New York Times reporters Eric Lichtbaum and Maek Mazzetti report in the January 14, 2007 issue, about the expanding role of the U. S. military in domestic espionage, and deletions in a U.S. Army Manual that may indicate the executive branch is once again wiretapping without a warrant.

The Pentagon has been using a little-known power to obtain banking and credit records of hundreds of Americans and others suspected of terrorism or espionage inside the U.S.

(Military Expands Intelligence Role in U.S., by Eric Lichtbaum and Maek Mazzetti.)

Deep into an updated Army manual, the deletion of 10 words has left some national security experts wondering whether government lawyers are again asserting the executive branch’s right to wiretap Americans without a court warrant.

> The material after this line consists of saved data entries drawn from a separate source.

text \<open>A clique covering a private edge is that edge or its triangle, and a clique covering an
  edge in no triangle is the edge itself; so distinct such edges need distinct cliques.\<close>
lemma card_le_edge_clique_cover:
  assumes "finite C" "edge_clique_cover V E C"
  shows "card (triangles V E) + card non_triangle_edges \<le> card C"
proof -
  define p where "p T = (SOME e. e \<in> E \<and> e \<subseteq> T \<and> triangles_through e = {T})" for T
  have p: "p T \<in> E" "p T \<subseteq> T" "triangles_through (p T) = {T}" if "T \<in> triangles V E" for T
    using someI_ex[OF triangle_has_private_edge[OF that, unfolded Bex_def]]
    unfolding p_def by blast+
  define R where "R = p ` triangles V E \<union> non_triangle_edges"
  have "inj_on p (triangles V E)"
    by (rule inj_onI) (metis p(3) singleton_inject)
  moreover have "p ` triangles V E \<inter> non_triangle_edges = {}"
    using p(3) by (auto simp: non_triangle_edges_def)
  ultimately have card_R: "card R = card (triangles V E) + card non_triangle_edges"
    unfolding R_def using finite_triangles finite_E
    by (simp add: card_Un_disjoint card_image non_triangle_edges_def)
  have R_E: "R \<subseteq> E" using p(1) by (auto simp: R_def non_triangle_edges_def)
  obtain K where K: "K e \<in> C" "e \<subseteq> K e" if "e \<in> E" for e
    using assms(2) unfolding edge_clique_cover_def by metis
  have K_clique: "clique V E (K e)" if "e \<in> E" for e
    using assms(2) K(1)[OF that] by (simp add: edge_clique_cover_def)
  have K_inverse: "(if K e \<in> triangles V E then p (K e) else K e) = e" if "e \<in> R" for e
  proof -
    have e: "e \<in> E" using that R_E by blast
    consider "K e = e" | "K e \<in> triangles_through e"
      using clique_through_edge[OF K_clique[OF e] e K(2)[OF e]] by blast
    then show ?thesis
    proof cases
      case 1
      then have "K e \<notin> triangles V E" using card_edge[OF e] by (auto simp: triangles_def)
      with 1 show ?thesis by simp
    next
      case 2
      then have "e \<notin> non_triangle_edges" by (auto simp: non_triangle_edges_def)
      with that obtain T where T: "T \<in> triangles V E" "e = p T" by (auto simp: R_def)
      with 2 p(3) have "K e = T" by auto
      with T show ?thesis by simp
    qed
  qed
  have "inj_on K R"
    by (rule inj_on_inverseI[where g = "\<lambda>M. if M \<in> triangles V E then p M else M"])
      (rule K_inverse)
  moreover have "K ` R \<subseteq> C" using K(1) R_E by blast
  ultimately have "card R \<le> card C" using assms(1) by (rule card_inj_on_le)
  with card_R show ?thesis by simp
qed
lemma copies_two_groups: "group_of a = group_of b \<Longrightarrow> group_of v \<noteq> group_of a \<Longrightarrow> copies {a, b, v} = 3"
  unfolding copies_def by (simp add: insert_commute)

lemma copies_three_groups:
  "group_of a \<noteq> group_of b \<Longrightarrow> group_of v \<noteq> group_of a \<Longrightarrow> group_of v \<noteq> group_of b \<Longrightarrow> copies {a, b, v} = 4"
  unfolding copies_def by (simp add: insert_commute)

lemma copies_one_group: "group_of ` T = {g} \<Longrightarrow> copies T = 0"
  unfolding copies_def by simp

definition group_union :: "nat \<Rightarrow> nat \<Rightarrow> nat set" where
  "group_union a b = user_group (group_of a) \<union> user_group (group_of b)"

lemma card_group_union_diff:
  assumes "1 \<le> a" "1 \<le> b" "1 \<le> v" "a \<noteq> b" "v \<noteq> a" "v \<noteq> b" "group_of a \<noteq> group_of b"
  shows "card (group_union a b - {a, b, v}) = copies {a, b, v}"
proof -
  have card_union: "card (group_union a b) = 6"
    unfolding group_union_def using assms(7) by (simp add: card_Un_disjoint disjoint_user_groups)
  have ab: "{a, b} \<subseteq> group_union a b"
    using assms by (auto simp: group_union_def mem_user_group)
  show ?thesis
  proof (cases "group_of v = group_of a \<or> group_of v = group_of b")
    case True
    then have "{a, b, v} \<subseteq> group_union a b"
      using ab assms(3) by (auto simp: group_union_def mem_user_group)
    moreover have "copies {a, b, v} = 3"
      using True assms(7) copies_two_groups[of b v a] copies_two_groups[of a v b]
      by (auto simp: insert_commute)
    ultimately show ?thesis
      using card_union assms by (simp add: card_Diff_subset)
  next
    case False
    then have "group_union a b - {a, b, v} = group_union a b - {a, b}"
      by (auto simp: group_union_def mem_user_group)
    then show ?thesis
      using False card_union ab assms copies_three_groups[of a b v] by (simp add: card_Diff_subset)
  qed
qed

definition rank :: "'a::linorder set \<Rightarrow> 'a \<Rightarrow> nat" where
  "rank S = position (sorted_list_of_set S)"

lemma bij_betw_rank: "finite S \<Longrightarrow> bij_betw (rank S) S {..<card S}"
  unfolding rank_def using bij_betw_position[of "sorted_list_of_set S"] by simp

definition intra_transmissions :: "nat \<Rightarrow> (nat \<times> nat \<times> nat) set" where
  "intra_transmissions k = {(a, b, i). a < b \<and> {a, b} = user_group (group_of k) - {k} \<and> i < 3}"

definition cross_transmissions :: "nat \<Rightarrow> nat \<Rightarrow> (nat \<times> nat \<times> nat) set" where
  "cross_transmissions m k = {(a, b, 0) | a b. a < b \<and> a \<in> users m \<and> b \<in> users m \<and>
     group_of a \<noteq> group_of b \<and> k \<in> group_union a b - {a, b}}"

definition transmissions :: "nat \<Rightarrow> nat \<Rightarrow> (nat \<times> nat \<times> nat) set" where
  "transmissions m k = intra_transmissions k \<union> cross_transmissions m k"

definition recipients :: "nat \<Rightarrow> nat \<Rightarrow> nat \<times> nat \<times> nat \<Rightarrow> nat set" where
  "recipients m k = (\<lambda>(a, b, i). users m - {a, b, k})"

definition subpacket :: "nat \<Rightarrow> nat \<times> nat \<times> nat \<Rightarrow> nat \<Rightarrow> nat set \<times> nat" where
  "subpacket k = (\<lambda>(a, b, i) v.
     ({a, b, v}, if group_of a = group_of b then i else rank (group_union a b - {a, b, v}) k))"

lemma intra_transmissionsD:
  assumes "1 \<le> k" "(a, b, i) \<in> intra_transmissions k"
  shows "user_group (group_of k) = {a, b, k}" "group_of a = group_of k" "group_of b = group_of k"
    "1 \<le> a" "1 \<le> b" "a \<noteq> k" "b \<noteq> k" "a < b" "i < 3"
proof -
  have ab: "{a, b} = user_group (group_of k) - {k}" "a < b" "i < 3"
    using assms(2) unfolding intra_transmissions_def by auto
  then show "user_group (group_of k) = {a, b, k}"
    using in_user_group_of[OF assms(1)] by auto
  have "a \<in> user_group (group_of k) - {k}" "b \<in> user_group (group_of k) - {k}"
    using ab(1) by blast+
  then show "group_of a = group_of k" "group_of b = group_of k" "1 \<le> a" "1 \<le> b" "a \<noteq> k" "b \<noteq> k"
    by (simp_all add: mem_user_group)
  show "a < b" "i < 3" by (fact ab(2,3))+
qed

lemma subpacket_intra:
  assumes k: "k \<in> users m" and \<tau>: "(a, b, i) \<in> intra_transmissions k"
    and v: "v \<in> recipients m k (a, b, i)"
  shows "subpacket k (a, b, i) v \<in> labels m"
proof -
  have k1: "1 \<le> k" "group_of k < m" using k by (simp_all add: mem_users)
  note ab = intra_transmissionsD[OF k1(1) \<tau>]
  have v: "v \<in> users m" "v \<noteq> a" "v \<noteq> b" "v \<noteq> k"
    using v unfolding recipients_def by auto
  have "v \<notin> user_group (group_of k)"
    using ab(1) v(2-4) by simp
  then have "group_of v \<noteq> group_of k"
    using v(1) by (simp add: mem_users mem_user_group)
  then have "copies {a, b, v} = 3"
    using ab(2,3) by (simp add: copies_two_groups)
  moreover have "{a, b, v} \<subseteq> users m"
    using ab(2-5) k1 v(1) by (simp add: mem_users)
  moreover have "card {a, b, v} = 3"
    using ab(8) v by simp
  ultimately show ?thesis
    using ab(2,3,9) by (simp add: subpacket_def labels_def)
qed

lemma subpacket_cross:
  assumes \<tau>: "(a, b, i) \<in> cross_transmissions m k" and v: "v \<in> recipients m k (a, b, i)"
  shows "subpacket k (a, b, i) v \<in> labels m"
proof -
  have ab: "a < b" "a \<in> users m" "b \<in> users m" "group_of a \<noteq> group_of b" "k \<in> group_union a b - {a, b}"
    using \<tau> unfolding cross_transmissions_def by auto
  have v: "v \<in> users m" "v \<noteq> a" "v \<noteq> b" "v \<noteq> k"
    using v unfolding recipients_def by auto
  have "card (group_union a b - {a, b, v}) = copies {a, b, v}"
    using ab v by (intro card_group_union_diff) (simp_all add: mem_users)
  moreover have "k \<in> group_union a b - {a, b, v}"
    using ab(5) v(4) by simp
  then have "rank (group_union a b - {a, b, v}) k < card (group_union a b - {a, b, v})"
    using bij_betw_apply[OF bij_betw_rank, of "group_union a b - {a, b, v}" k] by (simp add: group_union_def)
  moreover have "card {a, b, v} = 3"
    using ab(1) v by simp
  ultimately show ?thesis
    using ab(2-4) v(1) by (simp add: subpacket_def labels_def)
qed

lemma served_intra:
  assumes ab: "a \<in> users m" "b \<in> users m" "a < b" "group_of a = group_of b"
    and v: "v \<in> users m" "v \<noteq> a" "v \<noteq> b" and i: "i < copies {a, b, v}"
  shows "\<exists>k\<in>users m. \<exists>\<tau>\<in>transmissions m k. v \<in> recipients m k \<tau> \<and> subpacket k \<tau> v = ({a, b, v}, i)"
proof -
  have a1: "1 \<le> a" "1 \<le> b" "group_of a < m"
    using ab by (simp_all add: mem_users)
  have ab_group: "{a, b} \<subseteq> user_group (group_of a)"
    using a1 ab(4) by (simp add: mem_user_group)
  then have "card (user_group (group_of a) - {a, b}) = 1"
    using ab(3) by (simp add: card_Diff_subset)
  then obtain k where k: "user_group (group_of a) - {a, b} = {k}"
    by (rule card_1_singletonE)
  then have "k \<in> user_group (group_of a)" "k \<noteq> a" "k \<noteq> b"
    by blast+
  then have k1: "1 \<le> k" "group_of k = group_of a" "k \<noteq> a" "k \<noteq> b"
    by (simp_all add: mem_user_group)
  have "group_of v \<noteq> group_of a"
  proof
    assume "group_of v = group_of a"
    then have "group_of ` {a, b, v} = {group_of a}" using ab(4) by auto
    then show False using i copies_one_group by simp
  qed
  then have "copies {a, b, v} = 3"
    using ab(4) by (simp add: copies_two_groups)
  moreover have "user_group (group_of k) - {k} = {a, b}"
    using k k1 ab_group by auto
  ultimately have "(a, b, i) \<in> transmissions m k"
    using ab(3) i by (simp add: transmissions_def intra_transmissions_def)
  moreover have "k \<in> users m"
    using k1 a1 by (simp add: mem_users)
  moreover have "v \<in> recipients m k (a, b, i)"
    using v k1(2) \<open>group_of v \<noteq> group_of a\<close> by (auto simp: recipients_def)
  moreover have "subpacket k (a, b, i) v = ({a, b, v}, i)"
    using ab(4) by (simp add: subpacket_def)
  ultimately show ?thesis by blast
qed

(Deletions in Army Manual Raise Wiretapping Concerns, by Eric Lichtbaum and Maek Mazzetti)

A subscription to the New York Times is required to read these articles.

Federal court finds warrantless eavesdropping unconstitutional

Hot off the presses:

A federal judge ruled Thursday that the government’s warrantless wiretapping program is unconstitutional and ordered an immediate halt to it.

U.S. District Judge Anna Diggs Taylor in Detroit became the first judge to strike down the National Security Agency’s program, which she says violates the rights to free speech and privacy.

Glenn Greenwald is tracking and analyzing the issue and has updated several times. He includes links to both the opinion and the injunction.